*The task*.
When you reach the line with "obtain \<omega> where" in the data below, begin printing lines exactly, and stop once the line with "Z_in_Zs set_pmf_P by auto" has been printed.

____ Given information

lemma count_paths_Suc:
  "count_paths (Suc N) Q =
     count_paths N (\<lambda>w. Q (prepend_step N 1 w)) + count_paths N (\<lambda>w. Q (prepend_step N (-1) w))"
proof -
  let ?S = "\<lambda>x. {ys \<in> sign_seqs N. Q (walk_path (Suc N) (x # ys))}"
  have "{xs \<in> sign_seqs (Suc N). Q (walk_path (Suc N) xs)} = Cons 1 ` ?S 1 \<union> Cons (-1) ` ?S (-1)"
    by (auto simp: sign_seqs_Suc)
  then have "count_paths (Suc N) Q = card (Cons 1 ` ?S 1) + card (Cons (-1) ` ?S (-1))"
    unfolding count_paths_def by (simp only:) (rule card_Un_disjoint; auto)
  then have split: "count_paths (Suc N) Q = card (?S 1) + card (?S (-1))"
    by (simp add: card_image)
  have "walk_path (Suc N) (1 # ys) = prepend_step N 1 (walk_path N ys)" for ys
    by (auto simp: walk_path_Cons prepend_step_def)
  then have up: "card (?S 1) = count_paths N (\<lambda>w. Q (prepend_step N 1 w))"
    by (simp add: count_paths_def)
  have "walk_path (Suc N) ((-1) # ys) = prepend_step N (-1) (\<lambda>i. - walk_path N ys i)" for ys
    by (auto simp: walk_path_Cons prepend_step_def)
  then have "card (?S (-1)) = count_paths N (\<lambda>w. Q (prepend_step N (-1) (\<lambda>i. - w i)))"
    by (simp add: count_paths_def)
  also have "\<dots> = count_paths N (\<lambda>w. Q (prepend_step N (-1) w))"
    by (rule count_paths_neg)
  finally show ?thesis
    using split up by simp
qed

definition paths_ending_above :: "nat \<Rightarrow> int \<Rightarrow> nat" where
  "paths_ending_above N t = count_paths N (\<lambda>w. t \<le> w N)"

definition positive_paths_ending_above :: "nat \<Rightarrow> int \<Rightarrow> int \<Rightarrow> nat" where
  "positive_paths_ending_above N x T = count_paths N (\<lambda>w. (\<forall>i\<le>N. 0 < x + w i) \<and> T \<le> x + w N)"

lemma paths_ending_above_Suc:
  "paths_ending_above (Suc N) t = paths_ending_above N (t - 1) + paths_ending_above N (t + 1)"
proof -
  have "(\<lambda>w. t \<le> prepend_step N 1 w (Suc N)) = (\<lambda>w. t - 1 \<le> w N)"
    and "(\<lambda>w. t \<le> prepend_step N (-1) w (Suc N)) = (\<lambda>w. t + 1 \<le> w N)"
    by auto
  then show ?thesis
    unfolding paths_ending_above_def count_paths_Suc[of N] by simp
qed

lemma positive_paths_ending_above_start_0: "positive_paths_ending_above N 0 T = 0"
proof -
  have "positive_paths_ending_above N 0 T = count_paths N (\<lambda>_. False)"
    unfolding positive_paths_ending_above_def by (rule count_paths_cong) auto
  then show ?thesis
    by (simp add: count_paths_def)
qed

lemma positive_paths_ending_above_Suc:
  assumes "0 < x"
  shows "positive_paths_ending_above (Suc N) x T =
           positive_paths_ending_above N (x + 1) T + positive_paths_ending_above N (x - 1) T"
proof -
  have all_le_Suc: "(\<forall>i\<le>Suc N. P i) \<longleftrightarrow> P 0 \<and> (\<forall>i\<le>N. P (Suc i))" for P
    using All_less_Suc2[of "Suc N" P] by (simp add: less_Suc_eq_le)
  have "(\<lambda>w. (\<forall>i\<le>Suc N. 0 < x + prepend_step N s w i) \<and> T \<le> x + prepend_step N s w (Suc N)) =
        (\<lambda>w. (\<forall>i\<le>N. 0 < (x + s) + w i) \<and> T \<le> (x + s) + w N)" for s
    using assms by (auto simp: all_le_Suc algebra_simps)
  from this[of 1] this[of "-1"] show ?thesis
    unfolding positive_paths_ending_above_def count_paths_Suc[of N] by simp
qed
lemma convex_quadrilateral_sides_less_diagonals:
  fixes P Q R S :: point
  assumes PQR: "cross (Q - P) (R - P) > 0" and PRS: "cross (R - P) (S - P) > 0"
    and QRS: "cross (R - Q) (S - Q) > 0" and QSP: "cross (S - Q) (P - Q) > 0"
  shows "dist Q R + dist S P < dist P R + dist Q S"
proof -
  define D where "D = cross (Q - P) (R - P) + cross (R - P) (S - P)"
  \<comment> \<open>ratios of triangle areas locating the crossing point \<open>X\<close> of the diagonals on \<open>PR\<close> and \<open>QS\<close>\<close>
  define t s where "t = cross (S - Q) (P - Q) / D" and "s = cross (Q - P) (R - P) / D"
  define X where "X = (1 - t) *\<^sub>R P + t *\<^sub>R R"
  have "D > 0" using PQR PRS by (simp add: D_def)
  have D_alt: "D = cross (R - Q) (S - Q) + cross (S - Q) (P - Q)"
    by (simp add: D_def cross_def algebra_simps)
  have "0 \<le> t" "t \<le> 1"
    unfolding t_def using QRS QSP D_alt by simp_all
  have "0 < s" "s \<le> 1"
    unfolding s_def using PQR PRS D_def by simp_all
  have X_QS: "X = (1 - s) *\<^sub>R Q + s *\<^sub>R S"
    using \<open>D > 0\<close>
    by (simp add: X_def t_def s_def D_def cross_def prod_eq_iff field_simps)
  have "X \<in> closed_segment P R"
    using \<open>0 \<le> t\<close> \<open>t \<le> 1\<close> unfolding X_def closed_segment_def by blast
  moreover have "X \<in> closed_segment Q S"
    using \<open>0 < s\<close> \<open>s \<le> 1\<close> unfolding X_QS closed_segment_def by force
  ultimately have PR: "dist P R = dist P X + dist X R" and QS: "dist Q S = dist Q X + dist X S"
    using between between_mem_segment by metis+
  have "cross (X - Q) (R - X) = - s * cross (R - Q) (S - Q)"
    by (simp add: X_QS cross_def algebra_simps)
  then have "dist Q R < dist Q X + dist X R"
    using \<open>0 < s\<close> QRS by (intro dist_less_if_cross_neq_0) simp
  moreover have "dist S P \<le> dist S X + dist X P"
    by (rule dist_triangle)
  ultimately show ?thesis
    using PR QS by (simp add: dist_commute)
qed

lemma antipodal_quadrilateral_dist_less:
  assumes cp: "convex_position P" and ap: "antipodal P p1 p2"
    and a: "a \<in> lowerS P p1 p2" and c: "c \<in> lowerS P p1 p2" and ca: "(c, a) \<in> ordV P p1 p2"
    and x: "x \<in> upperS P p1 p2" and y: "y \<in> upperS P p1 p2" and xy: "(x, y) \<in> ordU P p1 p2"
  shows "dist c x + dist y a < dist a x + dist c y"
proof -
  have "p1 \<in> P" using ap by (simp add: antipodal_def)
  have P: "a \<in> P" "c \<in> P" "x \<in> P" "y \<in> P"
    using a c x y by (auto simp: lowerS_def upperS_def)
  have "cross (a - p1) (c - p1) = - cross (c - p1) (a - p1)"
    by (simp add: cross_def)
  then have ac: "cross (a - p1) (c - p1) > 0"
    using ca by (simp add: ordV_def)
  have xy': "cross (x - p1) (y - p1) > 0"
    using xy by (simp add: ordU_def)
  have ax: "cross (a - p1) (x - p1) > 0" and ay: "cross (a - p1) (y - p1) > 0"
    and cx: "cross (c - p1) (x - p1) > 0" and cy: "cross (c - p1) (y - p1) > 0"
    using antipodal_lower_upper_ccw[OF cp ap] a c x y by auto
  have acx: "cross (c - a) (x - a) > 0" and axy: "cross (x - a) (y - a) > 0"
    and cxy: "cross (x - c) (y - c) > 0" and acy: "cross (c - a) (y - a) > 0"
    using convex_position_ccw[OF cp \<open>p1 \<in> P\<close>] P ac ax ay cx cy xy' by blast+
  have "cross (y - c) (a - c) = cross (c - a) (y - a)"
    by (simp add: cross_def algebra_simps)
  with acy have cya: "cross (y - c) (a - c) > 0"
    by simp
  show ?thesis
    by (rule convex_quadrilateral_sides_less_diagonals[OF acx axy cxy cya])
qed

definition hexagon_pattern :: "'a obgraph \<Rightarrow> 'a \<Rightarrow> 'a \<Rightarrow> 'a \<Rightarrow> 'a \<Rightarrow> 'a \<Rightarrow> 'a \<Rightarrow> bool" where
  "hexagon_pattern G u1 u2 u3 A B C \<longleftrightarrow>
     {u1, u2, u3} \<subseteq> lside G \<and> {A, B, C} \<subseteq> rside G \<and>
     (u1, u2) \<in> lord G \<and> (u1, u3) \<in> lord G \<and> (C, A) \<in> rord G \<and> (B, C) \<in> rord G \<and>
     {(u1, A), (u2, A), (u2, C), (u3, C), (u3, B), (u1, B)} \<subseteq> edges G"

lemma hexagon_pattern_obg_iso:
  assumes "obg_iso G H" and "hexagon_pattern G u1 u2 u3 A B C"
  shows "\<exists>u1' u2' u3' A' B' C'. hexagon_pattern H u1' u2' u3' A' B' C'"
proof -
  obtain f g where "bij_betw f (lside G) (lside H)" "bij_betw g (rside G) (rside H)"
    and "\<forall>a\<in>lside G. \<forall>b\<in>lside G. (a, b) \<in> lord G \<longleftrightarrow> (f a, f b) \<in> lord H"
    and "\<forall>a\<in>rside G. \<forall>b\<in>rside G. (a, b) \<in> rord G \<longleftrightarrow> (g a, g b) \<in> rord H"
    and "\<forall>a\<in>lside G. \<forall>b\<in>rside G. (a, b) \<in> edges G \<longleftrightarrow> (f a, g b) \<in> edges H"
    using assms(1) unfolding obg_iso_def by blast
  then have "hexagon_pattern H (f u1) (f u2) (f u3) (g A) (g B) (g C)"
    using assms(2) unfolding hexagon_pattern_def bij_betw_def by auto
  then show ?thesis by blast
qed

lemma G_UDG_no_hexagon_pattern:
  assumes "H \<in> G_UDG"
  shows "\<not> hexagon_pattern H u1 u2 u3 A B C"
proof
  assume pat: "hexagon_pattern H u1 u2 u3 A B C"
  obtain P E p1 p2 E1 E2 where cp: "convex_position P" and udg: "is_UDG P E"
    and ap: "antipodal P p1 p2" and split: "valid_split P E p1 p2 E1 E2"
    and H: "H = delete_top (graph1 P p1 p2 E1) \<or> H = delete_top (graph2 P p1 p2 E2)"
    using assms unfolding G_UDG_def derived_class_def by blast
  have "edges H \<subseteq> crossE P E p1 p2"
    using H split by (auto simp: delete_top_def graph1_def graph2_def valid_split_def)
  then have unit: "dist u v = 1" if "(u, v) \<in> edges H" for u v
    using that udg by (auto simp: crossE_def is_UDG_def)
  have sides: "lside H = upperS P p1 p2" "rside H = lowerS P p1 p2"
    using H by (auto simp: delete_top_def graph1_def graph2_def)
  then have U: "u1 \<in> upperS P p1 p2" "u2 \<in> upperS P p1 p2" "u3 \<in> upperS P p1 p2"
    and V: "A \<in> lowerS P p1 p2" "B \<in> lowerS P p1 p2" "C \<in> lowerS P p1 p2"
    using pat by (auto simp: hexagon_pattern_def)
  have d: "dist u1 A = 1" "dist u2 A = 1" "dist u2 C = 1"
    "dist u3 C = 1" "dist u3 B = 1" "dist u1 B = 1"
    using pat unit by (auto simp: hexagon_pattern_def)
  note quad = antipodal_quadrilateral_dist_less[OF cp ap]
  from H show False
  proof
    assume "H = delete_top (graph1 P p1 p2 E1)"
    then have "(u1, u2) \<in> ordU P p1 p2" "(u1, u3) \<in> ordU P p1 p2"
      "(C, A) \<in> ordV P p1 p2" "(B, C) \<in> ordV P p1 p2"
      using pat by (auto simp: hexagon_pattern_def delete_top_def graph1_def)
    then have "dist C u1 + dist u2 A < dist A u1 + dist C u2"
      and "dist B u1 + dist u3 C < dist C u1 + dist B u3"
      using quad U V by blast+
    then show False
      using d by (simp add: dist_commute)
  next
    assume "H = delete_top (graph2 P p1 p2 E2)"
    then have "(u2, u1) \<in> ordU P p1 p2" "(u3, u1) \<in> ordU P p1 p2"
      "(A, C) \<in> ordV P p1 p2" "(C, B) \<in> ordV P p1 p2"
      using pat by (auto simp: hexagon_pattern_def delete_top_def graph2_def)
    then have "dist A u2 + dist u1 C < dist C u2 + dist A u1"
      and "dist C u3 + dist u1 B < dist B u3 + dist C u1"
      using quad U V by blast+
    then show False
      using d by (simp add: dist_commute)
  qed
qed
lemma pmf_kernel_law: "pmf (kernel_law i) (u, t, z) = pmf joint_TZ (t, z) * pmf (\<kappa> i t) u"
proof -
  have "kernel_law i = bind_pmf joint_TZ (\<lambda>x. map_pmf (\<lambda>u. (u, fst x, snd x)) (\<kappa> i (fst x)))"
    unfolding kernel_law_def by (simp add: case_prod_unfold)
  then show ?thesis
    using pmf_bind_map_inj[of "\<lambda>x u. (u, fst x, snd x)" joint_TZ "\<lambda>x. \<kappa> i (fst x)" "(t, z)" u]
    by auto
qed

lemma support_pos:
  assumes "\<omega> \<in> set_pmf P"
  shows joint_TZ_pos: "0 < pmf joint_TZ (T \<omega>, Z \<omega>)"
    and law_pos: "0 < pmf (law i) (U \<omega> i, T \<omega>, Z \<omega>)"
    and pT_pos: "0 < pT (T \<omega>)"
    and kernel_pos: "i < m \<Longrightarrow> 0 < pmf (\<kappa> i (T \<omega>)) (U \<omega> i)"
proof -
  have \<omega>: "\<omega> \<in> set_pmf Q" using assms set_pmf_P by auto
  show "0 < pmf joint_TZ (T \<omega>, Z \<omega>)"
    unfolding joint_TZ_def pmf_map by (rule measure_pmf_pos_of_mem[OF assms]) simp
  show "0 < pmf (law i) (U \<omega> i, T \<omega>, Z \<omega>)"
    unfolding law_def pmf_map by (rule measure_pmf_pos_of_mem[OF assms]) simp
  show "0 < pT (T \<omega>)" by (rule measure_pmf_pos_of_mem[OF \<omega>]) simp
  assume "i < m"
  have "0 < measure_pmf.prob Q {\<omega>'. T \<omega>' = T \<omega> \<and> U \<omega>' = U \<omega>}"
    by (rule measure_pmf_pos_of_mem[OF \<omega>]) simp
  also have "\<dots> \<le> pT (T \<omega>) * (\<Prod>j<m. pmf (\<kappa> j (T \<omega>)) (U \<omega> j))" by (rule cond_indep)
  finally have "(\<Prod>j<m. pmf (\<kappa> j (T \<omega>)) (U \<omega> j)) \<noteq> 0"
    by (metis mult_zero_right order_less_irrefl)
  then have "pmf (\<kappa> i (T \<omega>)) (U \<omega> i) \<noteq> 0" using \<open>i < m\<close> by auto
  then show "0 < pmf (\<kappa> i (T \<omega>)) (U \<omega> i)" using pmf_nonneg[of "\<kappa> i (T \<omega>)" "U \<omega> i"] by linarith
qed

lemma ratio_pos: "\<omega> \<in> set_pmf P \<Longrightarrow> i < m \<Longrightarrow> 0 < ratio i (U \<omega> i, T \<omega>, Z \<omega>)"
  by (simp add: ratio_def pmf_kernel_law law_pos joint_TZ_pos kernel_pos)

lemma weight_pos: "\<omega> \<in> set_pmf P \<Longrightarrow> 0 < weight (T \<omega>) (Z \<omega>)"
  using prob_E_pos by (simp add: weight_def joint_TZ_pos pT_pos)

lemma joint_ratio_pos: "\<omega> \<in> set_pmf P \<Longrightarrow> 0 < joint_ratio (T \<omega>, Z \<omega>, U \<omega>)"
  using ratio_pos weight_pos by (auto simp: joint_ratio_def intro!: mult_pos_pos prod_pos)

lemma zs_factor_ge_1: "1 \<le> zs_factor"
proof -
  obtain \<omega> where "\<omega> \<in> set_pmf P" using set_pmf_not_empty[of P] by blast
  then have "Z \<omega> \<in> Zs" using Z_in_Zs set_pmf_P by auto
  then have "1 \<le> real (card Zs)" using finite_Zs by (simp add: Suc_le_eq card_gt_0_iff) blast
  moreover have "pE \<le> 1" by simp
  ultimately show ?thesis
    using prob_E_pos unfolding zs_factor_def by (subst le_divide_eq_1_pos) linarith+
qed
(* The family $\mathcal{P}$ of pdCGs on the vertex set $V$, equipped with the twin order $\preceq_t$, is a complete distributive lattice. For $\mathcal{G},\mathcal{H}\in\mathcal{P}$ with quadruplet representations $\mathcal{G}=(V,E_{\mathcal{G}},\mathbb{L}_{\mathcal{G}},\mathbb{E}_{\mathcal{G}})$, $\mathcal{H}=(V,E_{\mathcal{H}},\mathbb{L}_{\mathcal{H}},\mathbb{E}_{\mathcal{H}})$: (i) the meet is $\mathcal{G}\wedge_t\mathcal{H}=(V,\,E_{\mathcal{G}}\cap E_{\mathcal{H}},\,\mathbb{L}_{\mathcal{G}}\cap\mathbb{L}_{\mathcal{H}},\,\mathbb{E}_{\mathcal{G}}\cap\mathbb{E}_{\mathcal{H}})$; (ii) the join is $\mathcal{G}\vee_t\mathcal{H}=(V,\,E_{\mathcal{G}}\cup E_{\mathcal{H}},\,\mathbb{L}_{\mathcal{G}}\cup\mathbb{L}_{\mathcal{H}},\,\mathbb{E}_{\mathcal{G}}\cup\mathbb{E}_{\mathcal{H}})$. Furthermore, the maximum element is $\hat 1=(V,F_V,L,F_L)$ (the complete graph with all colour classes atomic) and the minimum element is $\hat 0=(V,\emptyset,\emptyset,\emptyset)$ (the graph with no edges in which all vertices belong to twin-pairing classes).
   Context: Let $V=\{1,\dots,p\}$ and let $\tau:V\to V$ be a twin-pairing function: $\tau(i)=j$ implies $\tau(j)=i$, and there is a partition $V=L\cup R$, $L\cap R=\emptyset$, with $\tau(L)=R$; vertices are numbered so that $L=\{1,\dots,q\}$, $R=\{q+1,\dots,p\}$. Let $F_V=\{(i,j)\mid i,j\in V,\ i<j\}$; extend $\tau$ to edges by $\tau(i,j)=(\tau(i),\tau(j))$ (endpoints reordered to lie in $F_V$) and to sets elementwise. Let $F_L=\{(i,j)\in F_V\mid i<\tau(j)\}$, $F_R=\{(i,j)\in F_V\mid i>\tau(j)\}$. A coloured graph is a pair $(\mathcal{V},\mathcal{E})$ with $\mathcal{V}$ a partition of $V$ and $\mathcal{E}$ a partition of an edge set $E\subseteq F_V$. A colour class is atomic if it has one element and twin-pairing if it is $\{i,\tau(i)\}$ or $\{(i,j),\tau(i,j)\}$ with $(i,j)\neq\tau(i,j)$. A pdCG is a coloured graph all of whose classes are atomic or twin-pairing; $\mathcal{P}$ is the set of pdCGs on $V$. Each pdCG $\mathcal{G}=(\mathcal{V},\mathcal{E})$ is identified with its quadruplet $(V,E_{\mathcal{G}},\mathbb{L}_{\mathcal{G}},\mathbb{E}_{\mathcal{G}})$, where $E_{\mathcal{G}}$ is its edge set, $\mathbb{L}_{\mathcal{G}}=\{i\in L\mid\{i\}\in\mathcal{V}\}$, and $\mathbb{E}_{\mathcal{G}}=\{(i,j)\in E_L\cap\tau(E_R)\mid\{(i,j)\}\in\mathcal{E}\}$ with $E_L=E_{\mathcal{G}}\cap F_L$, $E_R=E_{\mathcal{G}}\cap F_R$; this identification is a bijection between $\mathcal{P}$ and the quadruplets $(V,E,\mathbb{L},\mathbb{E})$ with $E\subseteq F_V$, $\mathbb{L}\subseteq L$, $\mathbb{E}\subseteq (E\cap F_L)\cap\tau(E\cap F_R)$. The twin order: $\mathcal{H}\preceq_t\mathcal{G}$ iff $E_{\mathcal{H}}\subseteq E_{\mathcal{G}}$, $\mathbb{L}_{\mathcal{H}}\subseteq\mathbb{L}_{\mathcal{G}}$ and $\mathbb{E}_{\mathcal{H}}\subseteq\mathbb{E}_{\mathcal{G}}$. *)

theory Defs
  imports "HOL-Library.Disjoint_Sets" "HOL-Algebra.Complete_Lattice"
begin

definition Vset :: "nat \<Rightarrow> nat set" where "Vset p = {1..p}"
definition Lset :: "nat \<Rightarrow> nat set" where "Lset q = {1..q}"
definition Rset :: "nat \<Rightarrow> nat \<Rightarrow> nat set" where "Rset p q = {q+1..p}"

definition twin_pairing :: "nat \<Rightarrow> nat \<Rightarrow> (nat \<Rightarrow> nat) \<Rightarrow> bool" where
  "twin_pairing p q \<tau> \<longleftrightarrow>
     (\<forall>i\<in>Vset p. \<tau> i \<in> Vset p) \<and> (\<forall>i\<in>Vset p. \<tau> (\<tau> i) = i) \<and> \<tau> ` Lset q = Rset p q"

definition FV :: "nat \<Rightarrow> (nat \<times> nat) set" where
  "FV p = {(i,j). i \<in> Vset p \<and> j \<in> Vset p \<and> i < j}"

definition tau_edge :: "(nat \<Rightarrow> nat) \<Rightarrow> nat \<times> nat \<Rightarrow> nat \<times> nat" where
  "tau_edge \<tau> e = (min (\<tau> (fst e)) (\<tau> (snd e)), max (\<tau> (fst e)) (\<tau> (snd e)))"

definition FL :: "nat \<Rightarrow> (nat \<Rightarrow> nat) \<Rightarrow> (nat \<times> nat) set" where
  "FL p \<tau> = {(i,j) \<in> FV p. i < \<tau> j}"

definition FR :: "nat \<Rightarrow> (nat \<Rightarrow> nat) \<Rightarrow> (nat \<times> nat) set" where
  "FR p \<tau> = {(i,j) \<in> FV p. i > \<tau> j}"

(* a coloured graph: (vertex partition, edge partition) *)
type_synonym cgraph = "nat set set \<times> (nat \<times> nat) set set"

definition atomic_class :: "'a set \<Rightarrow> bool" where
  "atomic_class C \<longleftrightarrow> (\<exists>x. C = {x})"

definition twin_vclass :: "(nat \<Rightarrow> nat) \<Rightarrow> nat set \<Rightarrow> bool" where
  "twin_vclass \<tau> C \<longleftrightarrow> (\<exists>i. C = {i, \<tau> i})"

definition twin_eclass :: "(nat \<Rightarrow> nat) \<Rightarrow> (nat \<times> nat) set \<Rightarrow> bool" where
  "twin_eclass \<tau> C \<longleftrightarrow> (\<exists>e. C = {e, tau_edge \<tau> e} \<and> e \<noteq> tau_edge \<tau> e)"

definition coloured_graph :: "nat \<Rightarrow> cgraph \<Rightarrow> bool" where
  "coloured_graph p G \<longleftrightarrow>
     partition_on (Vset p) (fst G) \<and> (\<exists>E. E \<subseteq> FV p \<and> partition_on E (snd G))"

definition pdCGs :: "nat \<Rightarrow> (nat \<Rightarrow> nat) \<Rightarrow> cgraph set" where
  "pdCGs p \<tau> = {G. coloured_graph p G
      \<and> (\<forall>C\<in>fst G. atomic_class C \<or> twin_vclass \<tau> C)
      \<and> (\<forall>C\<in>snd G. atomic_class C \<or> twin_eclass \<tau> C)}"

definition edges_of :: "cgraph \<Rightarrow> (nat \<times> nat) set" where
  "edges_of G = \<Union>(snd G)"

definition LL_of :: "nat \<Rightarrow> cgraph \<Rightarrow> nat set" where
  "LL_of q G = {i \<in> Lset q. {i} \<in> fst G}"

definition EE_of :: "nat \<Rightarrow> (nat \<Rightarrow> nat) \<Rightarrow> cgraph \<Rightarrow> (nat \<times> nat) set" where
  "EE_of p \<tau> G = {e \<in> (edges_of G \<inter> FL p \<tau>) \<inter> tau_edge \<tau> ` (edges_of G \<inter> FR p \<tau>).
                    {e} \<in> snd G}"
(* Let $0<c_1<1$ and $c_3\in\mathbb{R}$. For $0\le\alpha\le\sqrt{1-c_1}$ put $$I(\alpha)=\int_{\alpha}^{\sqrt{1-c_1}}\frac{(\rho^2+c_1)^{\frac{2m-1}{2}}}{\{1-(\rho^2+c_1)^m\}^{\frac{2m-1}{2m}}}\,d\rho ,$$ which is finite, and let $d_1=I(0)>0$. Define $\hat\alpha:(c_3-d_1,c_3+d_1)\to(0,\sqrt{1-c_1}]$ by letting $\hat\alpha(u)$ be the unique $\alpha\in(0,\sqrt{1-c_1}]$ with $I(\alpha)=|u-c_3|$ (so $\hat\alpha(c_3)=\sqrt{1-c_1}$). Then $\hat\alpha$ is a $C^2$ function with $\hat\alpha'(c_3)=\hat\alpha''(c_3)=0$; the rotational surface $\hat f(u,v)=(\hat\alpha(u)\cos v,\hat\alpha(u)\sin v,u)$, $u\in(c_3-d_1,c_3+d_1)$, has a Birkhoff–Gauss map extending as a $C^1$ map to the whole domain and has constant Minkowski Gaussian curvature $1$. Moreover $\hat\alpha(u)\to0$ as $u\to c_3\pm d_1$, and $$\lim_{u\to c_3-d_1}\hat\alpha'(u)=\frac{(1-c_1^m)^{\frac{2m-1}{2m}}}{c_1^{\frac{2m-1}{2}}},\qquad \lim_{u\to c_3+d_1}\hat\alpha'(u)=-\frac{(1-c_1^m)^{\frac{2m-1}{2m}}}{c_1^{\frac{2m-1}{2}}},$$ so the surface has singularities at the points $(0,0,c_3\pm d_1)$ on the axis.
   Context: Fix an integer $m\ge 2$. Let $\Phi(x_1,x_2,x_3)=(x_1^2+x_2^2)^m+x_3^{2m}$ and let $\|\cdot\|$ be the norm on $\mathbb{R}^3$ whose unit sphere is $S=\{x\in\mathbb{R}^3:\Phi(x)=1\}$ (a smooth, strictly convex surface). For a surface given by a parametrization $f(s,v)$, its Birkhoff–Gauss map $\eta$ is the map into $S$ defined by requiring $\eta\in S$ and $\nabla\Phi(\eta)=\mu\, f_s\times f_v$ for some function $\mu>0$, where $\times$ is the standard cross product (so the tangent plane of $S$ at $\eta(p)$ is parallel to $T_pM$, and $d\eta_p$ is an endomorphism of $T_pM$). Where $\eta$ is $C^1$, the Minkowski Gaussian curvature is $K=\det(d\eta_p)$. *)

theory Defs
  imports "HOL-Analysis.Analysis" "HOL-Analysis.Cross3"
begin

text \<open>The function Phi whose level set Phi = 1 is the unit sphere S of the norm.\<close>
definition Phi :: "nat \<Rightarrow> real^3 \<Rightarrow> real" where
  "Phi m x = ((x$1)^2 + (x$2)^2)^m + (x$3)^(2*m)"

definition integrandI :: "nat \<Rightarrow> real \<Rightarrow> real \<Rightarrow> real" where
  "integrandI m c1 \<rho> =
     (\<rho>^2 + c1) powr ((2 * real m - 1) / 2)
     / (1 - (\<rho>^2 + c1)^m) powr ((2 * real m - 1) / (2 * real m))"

________

*Final answer*.
  obtain \<omega> where "\<omega> \<in> set_pmf P" using set_pmf_not_empty[of P] by blast
  then have "Z \<omega> \<in> Zs" using Z_in_Zs set_pmf_P by auto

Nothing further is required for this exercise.